LISTED RECORDS -
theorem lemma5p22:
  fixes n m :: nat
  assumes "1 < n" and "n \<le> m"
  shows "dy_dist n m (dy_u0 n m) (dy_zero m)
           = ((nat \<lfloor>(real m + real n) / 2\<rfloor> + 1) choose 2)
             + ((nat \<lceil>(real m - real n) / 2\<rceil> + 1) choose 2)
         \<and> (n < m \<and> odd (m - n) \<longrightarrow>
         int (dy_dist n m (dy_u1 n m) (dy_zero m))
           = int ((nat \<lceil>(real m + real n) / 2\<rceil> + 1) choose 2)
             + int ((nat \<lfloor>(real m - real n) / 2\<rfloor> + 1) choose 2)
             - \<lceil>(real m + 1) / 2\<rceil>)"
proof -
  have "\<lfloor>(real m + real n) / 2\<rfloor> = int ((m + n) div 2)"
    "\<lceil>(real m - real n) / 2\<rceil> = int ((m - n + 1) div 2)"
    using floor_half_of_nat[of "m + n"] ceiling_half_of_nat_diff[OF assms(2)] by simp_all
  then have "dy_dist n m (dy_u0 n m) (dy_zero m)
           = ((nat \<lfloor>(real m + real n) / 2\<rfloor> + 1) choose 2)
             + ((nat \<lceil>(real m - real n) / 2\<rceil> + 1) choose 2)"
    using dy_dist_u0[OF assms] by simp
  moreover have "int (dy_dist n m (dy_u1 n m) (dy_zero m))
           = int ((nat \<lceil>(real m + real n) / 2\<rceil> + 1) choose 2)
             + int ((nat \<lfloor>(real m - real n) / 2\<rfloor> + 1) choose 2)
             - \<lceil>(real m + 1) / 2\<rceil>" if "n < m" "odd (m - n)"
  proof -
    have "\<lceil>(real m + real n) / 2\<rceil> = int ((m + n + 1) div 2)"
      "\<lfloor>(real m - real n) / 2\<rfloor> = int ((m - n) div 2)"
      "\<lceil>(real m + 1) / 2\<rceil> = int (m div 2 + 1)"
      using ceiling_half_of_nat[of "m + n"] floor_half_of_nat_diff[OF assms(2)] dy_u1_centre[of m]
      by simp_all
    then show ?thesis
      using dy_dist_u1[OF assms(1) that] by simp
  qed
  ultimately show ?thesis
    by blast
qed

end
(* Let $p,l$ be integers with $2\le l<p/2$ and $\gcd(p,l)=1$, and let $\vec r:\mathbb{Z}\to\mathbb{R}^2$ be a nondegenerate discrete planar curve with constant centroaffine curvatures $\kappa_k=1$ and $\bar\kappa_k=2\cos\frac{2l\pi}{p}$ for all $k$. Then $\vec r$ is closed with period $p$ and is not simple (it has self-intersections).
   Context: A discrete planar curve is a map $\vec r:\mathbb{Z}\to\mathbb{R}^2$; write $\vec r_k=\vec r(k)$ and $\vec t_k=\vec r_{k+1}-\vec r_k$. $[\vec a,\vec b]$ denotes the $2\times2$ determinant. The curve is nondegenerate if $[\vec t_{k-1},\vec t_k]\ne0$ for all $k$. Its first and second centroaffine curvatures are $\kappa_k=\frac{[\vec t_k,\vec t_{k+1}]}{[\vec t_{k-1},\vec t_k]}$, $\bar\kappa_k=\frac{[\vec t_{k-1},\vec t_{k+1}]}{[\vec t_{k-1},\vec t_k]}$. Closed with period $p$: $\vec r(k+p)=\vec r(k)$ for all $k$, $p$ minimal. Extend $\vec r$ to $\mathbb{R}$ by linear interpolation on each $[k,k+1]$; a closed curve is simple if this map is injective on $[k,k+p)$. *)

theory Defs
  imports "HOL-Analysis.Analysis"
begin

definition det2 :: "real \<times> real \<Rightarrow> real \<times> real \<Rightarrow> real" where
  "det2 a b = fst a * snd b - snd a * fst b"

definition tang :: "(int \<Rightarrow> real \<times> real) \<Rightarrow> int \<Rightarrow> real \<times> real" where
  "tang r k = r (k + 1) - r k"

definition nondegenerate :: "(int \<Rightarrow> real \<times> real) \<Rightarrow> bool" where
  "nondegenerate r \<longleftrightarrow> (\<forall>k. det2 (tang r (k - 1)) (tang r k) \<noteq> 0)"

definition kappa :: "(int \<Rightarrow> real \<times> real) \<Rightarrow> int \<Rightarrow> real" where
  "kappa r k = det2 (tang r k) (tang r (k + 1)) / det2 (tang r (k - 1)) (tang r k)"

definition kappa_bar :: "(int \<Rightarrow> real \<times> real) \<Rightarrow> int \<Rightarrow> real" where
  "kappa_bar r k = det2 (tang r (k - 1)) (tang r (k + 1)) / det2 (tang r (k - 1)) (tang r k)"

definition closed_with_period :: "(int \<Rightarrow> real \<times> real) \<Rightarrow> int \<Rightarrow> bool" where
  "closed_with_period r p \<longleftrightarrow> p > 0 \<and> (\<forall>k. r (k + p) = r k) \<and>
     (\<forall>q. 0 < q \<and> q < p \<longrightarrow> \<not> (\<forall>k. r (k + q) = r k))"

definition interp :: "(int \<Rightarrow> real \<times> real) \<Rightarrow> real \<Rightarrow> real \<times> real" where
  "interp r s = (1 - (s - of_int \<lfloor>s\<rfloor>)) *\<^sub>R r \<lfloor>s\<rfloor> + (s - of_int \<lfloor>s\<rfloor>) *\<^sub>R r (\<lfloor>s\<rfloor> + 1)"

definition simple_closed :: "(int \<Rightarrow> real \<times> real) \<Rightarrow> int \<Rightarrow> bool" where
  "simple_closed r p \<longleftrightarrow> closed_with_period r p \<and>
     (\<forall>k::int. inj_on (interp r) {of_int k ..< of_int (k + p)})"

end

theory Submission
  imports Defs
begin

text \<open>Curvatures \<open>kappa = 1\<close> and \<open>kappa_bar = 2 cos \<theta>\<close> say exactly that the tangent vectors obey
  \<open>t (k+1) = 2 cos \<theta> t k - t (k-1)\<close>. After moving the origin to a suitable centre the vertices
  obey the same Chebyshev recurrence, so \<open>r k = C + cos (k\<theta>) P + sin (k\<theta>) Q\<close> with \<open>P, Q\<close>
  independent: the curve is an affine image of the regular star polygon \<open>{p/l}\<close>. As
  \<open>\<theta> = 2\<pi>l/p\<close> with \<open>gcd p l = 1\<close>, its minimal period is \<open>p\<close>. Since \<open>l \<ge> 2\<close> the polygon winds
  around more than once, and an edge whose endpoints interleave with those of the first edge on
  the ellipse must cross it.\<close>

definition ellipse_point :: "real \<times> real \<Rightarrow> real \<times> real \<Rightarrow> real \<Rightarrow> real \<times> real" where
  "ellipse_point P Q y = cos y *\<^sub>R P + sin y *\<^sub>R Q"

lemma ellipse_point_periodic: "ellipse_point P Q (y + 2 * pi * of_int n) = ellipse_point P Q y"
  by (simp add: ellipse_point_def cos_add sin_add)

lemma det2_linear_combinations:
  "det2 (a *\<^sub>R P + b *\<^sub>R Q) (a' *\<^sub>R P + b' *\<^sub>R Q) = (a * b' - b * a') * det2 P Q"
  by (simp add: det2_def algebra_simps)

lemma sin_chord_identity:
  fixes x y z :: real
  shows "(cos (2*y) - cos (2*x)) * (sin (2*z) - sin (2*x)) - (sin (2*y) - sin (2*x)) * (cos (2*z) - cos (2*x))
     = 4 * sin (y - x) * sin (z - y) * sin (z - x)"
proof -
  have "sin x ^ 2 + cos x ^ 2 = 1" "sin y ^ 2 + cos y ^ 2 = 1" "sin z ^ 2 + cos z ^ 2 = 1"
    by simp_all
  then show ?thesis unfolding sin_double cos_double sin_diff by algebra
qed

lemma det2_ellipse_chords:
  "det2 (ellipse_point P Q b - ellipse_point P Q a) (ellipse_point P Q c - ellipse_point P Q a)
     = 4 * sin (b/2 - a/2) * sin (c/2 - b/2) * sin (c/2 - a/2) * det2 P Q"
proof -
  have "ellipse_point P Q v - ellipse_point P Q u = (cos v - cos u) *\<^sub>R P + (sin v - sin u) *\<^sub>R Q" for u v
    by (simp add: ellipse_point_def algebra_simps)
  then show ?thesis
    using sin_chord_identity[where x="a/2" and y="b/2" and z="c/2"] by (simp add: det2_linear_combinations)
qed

WHAT YOU SHOULD DO - The answer must consist of every line in the records above that contains the word "thesis".

TASK ANSWER -
    then show ?thesis
  ultimately show ?thesis
  then show ?thesis unfolding sin_double cos_double sin_diff by algebra
  then show ?thesis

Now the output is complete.